Records contained in a dataset:
--*--
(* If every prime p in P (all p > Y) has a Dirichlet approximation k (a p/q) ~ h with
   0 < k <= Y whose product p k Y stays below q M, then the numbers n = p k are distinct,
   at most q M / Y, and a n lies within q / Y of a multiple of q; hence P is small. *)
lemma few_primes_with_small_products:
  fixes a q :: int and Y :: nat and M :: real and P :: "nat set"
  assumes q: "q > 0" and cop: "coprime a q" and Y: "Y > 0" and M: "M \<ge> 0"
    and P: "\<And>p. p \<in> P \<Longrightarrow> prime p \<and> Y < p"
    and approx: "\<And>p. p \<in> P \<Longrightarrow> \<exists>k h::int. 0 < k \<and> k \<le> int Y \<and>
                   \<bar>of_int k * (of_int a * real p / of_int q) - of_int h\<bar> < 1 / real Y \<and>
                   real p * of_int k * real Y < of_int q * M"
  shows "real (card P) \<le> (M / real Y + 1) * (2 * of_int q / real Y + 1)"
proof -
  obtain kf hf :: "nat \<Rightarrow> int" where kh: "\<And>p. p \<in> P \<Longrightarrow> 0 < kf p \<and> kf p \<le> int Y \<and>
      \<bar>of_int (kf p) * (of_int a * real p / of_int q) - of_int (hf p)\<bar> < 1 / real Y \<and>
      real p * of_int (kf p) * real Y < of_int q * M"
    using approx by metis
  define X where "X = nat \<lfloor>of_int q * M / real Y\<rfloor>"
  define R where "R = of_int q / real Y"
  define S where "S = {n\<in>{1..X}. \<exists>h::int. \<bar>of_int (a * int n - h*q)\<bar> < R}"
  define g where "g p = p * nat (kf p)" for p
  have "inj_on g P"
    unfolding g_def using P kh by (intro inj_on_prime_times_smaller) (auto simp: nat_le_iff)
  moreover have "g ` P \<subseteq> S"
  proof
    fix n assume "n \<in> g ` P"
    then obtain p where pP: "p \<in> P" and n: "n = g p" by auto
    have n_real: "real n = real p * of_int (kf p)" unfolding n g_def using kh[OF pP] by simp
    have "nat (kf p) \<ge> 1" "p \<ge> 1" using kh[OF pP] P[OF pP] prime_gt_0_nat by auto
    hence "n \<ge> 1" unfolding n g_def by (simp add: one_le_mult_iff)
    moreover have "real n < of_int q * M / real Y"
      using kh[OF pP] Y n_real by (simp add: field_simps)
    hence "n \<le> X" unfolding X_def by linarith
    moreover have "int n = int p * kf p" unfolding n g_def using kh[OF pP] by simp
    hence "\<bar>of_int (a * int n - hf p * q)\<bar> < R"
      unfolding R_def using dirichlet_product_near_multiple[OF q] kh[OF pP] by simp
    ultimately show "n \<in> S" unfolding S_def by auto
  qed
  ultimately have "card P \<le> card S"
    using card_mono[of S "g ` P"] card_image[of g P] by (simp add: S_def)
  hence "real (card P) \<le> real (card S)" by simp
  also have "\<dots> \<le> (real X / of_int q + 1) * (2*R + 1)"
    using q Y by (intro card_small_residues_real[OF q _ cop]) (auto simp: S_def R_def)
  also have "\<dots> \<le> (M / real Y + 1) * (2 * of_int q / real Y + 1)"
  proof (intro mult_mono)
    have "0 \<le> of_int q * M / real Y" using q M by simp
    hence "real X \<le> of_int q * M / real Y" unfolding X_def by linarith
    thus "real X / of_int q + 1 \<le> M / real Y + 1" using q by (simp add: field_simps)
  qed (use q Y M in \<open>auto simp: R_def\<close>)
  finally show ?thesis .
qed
--*--
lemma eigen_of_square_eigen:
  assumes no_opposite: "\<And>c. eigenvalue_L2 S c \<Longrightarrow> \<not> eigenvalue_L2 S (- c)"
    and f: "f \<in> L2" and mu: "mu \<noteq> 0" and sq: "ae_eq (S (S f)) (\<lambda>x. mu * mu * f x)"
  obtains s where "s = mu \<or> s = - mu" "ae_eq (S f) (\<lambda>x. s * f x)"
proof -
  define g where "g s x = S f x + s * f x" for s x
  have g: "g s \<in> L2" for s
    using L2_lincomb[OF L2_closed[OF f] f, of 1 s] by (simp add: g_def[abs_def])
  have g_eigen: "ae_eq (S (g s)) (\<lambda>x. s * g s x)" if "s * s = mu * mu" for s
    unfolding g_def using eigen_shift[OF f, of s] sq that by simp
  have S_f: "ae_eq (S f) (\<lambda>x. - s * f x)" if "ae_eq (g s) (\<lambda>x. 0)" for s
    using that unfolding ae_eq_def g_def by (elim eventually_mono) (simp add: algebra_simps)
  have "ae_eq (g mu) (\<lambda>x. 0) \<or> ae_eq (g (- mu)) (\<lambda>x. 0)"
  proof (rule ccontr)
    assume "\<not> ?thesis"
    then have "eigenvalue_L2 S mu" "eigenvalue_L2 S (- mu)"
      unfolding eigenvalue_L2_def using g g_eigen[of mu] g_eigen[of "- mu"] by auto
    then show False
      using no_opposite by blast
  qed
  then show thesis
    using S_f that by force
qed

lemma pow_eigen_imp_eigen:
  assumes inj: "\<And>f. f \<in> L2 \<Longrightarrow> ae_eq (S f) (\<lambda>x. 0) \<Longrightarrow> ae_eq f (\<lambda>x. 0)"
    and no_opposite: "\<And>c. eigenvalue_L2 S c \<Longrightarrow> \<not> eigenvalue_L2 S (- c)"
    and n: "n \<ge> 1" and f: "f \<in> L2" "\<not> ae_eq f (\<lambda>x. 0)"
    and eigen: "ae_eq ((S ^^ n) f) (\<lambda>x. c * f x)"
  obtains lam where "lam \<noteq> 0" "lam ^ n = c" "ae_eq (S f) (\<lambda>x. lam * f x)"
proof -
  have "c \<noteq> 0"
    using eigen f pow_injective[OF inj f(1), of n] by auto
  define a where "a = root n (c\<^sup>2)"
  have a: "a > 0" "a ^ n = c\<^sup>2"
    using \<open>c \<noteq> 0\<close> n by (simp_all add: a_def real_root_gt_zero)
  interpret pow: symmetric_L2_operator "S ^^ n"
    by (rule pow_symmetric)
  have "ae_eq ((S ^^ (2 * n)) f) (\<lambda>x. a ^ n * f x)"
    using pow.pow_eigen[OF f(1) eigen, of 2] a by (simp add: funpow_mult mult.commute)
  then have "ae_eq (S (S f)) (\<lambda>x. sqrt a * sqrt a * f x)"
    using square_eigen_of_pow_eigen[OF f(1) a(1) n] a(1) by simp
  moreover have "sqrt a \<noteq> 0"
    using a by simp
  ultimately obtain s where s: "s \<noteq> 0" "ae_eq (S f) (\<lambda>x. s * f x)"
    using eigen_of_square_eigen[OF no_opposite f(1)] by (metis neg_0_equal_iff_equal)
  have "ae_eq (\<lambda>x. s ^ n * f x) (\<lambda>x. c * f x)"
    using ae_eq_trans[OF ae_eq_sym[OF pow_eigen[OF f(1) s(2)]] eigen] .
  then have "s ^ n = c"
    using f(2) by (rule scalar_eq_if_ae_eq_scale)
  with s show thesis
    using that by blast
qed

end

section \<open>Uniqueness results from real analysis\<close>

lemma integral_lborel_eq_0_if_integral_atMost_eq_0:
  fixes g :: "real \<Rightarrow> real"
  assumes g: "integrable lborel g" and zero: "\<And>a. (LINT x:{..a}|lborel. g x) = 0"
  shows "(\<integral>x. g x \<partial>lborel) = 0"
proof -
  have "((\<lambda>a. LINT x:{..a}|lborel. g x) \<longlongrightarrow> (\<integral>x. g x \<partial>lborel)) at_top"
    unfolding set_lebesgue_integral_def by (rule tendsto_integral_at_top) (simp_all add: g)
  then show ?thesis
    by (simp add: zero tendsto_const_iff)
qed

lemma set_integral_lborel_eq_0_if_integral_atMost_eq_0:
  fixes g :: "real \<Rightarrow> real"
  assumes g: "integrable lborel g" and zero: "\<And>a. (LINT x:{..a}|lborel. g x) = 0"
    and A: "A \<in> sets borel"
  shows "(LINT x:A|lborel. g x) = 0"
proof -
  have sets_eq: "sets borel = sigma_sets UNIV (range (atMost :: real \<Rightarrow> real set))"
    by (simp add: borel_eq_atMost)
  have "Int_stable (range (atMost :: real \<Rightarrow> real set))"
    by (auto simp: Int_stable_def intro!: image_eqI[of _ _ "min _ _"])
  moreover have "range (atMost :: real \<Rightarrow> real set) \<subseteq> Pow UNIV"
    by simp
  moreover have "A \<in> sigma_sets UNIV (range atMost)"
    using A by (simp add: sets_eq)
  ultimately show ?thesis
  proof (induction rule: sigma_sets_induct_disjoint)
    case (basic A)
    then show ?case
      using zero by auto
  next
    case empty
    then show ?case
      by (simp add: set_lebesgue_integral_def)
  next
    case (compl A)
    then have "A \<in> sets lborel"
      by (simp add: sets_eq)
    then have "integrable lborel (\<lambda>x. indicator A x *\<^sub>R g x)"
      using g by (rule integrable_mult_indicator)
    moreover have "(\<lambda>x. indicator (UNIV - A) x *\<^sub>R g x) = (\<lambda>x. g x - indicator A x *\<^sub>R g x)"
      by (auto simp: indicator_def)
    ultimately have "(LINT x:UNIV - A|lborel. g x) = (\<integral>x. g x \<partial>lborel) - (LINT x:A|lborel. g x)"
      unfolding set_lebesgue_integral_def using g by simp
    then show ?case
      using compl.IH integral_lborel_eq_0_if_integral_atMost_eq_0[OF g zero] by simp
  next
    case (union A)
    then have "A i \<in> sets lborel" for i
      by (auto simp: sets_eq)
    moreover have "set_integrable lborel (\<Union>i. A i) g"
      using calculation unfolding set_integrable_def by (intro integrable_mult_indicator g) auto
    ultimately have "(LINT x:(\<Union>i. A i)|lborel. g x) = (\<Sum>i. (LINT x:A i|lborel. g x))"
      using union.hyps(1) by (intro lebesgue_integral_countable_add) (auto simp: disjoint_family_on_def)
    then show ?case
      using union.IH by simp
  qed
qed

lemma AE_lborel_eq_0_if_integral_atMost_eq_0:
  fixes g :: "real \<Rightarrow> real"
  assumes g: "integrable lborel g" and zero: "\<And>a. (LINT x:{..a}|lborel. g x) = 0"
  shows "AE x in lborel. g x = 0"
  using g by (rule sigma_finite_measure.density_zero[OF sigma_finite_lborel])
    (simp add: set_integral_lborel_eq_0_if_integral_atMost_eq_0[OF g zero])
--*--
=== What is being asked ===
Looking at the data above, return every line from the one with "(* If every" down to the one with "at most q M", exactly and inclusively.

=== Written solution ===
(* If every prime p in P (all p > Y) has a Dirichlet approximation k (a p/q) ~ h with
   0 < k <= Y whose product p k Y stays below q M, then the numbers n = p k are distinct,
   at most q M / Y, and a n lies within q / Y of a multiple of q; hence P is small. *)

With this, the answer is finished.